_Task item_
Filter out all lines without the word "thesis" from the data below, please, and copy the rest.

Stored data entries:
§
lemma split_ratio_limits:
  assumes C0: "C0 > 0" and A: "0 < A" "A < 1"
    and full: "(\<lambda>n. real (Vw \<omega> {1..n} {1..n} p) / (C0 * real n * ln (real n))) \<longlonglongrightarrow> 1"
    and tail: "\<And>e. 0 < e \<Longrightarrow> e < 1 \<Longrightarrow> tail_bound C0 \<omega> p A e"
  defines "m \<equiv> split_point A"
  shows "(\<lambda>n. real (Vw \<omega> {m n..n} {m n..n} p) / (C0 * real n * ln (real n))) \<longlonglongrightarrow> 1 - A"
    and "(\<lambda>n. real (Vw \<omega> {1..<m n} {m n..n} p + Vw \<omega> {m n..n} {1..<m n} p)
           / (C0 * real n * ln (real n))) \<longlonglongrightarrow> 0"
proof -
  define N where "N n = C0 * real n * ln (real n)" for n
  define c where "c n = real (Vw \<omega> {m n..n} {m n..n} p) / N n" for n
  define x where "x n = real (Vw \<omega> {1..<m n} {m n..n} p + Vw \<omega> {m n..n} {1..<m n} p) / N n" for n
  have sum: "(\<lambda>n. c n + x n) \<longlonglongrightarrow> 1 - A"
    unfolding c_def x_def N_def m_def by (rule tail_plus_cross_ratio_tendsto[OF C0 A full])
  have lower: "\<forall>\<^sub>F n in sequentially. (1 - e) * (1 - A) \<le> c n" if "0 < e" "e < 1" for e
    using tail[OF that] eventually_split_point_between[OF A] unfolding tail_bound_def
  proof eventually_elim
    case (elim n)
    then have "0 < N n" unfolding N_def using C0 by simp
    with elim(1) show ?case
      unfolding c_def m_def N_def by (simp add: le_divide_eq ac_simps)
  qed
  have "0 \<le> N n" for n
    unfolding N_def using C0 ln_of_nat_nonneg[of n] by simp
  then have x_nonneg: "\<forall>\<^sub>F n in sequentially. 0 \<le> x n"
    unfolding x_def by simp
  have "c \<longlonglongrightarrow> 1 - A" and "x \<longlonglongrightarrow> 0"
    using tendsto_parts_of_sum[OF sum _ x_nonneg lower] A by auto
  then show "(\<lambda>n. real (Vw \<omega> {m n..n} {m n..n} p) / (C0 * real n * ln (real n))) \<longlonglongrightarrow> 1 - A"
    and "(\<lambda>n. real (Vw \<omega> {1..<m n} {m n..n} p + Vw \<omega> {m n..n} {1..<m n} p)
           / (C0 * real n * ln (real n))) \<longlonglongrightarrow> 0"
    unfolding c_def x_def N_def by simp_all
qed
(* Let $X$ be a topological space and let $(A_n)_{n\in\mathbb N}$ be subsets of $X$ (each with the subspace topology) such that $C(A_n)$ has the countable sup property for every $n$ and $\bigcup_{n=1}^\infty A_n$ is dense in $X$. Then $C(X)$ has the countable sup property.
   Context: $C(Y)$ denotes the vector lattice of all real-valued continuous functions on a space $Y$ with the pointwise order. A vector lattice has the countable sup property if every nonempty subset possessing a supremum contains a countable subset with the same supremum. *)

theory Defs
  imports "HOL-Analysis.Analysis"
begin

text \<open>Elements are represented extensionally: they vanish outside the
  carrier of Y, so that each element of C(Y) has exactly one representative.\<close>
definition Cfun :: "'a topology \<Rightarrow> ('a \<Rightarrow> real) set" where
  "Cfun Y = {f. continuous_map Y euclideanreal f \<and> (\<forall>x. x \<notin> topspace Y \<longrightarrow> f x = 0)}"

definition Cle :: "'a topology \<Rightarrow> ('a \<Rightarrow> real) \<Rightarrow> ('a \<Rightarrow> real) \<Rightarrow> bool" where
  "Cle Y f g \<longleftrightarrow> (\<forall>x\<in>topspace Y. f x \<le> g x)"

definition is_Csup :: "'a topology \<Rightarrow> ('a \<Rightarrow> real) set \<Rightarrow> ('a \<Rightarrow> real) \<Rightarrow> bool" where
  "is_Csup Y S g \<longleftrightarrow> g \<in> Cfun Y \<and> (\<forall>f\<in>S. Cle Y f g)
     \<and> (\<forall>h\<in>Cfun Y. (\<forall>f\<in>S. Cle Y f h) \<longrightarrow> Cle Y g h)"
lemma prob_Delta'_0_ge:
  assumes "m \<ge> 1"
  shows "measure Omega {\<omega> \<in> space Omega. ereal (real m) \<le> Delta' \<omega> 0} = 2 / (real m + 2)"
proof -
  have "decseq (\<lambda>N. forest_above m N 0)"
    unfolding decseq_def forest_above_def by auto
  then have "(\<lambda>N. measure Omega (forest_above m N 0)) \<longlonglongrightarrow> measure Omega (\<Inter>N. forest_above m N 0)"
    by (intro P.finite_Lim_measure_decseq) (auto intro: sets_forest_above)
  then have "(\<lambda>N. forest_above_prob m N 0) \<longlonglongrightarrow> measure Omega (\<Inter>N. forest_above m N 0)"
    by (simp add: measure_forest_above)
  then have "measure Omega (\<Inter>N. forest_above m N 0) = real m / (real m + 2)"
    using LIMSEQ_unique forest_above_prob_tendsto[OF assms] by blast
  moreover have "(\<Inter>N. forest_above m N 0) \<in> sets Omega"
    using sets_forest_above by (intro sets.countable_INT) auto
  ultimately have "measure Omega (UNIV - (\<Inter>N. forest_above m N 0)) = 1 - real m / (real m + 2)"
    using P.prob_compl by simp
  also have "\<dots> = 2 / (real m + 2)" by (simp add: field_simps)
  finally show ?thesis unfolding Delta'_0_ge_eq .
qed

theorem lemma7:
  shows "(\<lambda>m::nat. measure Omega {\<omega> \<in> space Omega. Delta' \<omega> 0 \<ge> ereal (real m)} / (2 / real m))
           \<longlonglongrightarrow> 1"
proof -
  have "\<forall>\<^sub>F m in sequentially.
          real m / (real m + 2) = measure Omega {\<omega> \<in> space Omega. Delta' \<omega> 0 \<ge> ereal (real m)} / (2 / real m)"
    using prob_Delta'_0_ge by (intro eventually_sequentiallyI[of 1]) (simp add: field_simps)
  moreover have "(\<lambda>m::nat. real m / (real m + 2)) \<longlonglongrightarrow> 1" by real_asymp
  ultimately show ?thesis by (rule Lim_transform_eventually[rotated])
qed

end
§
_Answer box_
  finally show ?thesis unfolding Delta'_0_ge_eq .
  ultimately show ?thesis by (rule Lim_transform_eventually[rotated])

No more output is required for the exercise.